*Directions for this task*:
Whatever follows the line containing "x 0 + b i 0" in the listing below should be printed exactly, along with that line itself.

*Materials provided*:
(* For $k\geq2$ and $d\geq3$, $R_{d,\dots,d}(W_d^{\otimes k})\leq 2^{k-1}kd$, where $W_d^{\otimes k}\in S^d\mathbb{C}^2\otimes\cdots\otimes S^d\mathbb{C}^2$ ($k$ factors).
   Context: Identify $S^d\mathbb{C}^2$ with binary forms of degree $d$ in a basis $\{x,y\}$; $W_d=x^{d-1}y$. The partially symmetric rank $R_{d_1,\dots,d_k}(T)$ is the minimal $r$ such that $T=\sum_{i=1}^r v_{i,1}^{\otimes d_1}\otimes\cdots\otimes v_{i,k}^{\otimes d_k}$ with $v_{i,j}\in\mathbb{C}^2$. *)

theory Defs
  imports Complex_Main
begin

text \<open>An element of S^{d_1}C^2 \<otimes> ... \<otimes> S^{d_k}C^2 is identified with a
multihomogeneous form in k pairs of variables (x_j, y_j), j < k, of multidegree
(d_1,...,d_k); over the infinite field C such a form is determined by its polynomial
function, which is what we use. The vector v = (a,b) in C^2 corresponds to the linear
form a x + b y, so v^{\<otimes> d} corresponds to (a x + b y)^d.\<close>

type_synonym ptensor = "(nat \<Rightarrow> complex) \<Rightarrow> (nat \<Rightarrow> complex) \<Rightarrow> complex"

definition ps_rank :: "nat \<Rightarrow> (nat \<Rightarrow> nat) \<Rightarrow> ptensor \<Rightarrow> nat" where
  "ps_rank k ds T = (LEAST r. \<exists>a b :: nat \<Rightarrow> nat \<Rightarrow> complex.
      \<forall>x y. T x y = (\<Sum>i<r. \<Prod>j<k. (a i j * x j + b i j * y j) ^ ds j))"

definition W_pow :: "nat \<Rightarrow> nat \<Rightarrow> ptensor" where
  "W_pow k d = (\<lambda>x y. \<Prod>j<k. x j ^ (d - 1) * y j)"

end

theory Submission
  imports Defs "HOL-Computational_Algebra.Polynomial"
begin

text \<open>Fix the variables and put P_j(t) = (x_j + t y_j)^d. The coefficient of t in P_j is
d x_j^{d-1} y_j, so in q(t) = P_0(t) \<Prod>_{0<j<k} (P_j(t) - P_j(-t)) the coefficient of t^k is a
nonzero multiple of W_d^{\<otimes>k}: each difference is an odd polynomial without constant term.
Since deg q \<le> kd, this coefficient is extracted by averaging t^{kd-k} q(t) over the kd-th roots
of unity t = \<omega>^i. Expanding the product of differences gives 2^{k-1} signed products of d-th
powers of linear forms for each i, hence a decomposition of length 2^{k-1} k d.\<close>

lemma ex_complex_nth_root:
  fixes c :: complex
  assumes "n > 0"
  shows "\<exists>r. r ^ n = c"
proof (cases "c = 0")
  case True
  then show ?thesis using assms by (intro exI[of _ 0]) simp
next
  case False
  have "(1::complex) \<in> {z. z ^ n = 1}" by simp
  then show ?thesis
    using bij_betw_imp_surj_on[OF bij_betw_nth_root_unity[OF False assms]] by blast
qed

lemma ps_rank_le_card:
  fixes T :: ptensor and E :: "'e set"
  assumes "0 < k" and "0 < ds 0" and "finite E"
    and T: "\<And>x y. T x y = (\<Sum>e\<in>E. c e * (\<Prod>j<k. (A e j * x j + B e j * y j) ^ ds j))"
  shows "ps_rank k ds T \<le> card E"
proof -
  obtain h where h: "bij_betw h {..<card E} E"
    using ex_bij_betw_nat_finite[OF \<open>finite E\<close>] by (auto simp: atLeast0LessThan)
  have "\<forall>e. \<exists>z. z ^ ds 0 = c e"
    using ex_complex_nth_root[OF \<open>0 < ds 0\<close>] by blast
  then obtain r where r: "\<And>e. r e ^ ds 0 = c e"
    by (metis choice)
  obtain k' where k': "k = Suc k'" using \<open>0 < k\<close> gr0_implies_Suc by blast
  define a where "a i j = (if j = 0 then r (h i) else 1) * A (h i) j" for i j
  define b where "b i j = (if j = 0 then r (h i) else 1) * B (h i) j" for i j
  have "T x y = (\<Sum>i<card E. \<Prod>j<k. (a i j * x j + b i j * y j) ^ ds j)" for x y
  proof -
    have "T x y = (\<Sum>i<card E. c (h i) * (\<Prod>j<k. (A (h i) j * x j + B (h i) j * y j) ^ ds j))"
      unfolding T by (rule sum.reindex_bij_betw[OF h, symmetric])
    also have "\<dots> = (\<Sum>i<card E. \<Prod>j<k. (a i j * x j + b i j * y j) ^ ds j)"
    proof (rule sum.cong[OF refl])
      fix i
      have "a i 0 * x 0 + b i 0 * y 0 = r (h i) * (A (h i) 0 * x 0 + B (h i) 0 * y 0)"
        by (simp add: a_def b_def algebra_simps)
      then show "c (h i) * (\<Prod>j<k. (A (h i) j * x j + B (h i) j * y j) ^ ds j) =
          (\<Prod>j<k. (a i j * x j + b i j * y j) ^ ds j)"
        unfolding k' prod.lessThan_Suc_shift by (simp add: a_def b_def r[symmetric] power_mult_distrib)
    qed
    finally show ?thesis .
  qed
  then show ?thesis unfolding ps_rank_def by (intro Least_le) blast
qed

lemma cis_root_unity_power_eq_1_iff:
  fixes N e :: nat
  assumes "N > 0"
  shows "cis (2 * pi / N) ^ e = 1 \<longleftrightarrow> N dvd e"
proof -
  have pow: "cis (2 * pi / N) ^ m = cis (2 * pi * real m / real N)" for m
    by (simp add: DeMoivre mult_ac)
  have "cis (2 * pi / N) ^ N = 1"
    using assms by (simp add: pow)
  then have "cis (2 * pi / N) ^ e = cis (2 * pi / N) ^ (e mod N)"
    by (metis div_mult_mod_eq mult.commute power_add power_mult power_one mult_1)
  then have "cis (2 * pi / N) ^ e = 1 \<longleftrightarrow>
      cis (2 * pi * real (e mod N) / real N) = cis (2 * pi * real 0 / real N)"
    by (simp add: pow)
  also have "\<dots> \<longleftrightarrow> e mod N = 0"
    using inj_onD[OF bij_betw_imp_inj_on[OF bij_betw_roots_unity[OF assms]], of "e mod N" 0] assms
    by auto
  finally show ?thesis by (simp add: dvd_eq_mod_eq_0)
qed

*Written solution*:
      have "a i 0 * x 0 + b i 0 * y 0 = r (h i) * (A (h i) 0 * x 0 + B (h i) 0 * y 0)"
        by (simp add: a_def b_def algebra_simps)
      then show "c (h i) * (\<Prod>j<k. (A (h i) j * x j + B (h i) j * y j) ^ ds j) =
          (\<Prod>j<k. (a i j * x j + b i j * y j) ^ ds j)"
        unfolding k' prod.lessThan_Suc_shift by (simp add: a_def b_def r[symmetric] power_mult_distrib)
    qed
    finally show ?thesis .
  qed
  then show ?thesis unfolding ps_rank_def by (intro Least_le) blast
qed

lemma cis_root_unity_power_eq_1_iff:
  fixes N e :: nat
  assumes "N > 0"
  shows "cis (2 * pi / N) ^ e = 1 \<longleftrightarrow> N dvd e"
proof -
  have pow: "cis (2 * pi / N) ^ m = cis (2 * pi * real m / real N)" for m
    by (simp add: DeMoivre mult_ac)
  have "cis (2 * pi / N) ^ N = 1"
    using assms by (simp add: pow)
  then have "cis (2 * pi / N) ^ e = cis (2 * pi / N) ^ (e mod N)"
    by (metis div_mult_mod_eq mult.commute power_add power_mult power_one mult_1)
  then have "cis (2 * pi / N) ^ e = 1 \<longleftrightarrow>
      cis (2 * pi * real (e mod N) / real N) = cis (2 * pi * real 0 / real N)"
    by (simp add: pow)
  also have "\<dots> \<longleftrightarrow> e mod N = 0"
    using inj_onD[OF bij_betw_imp_inj_on[OF bij_betw_roots_unity[OF assms]], of "e mod N" 0] assms
    by auto
  finally show ?thesis by (simp add: dvd_eq_mod_eq_0)
qed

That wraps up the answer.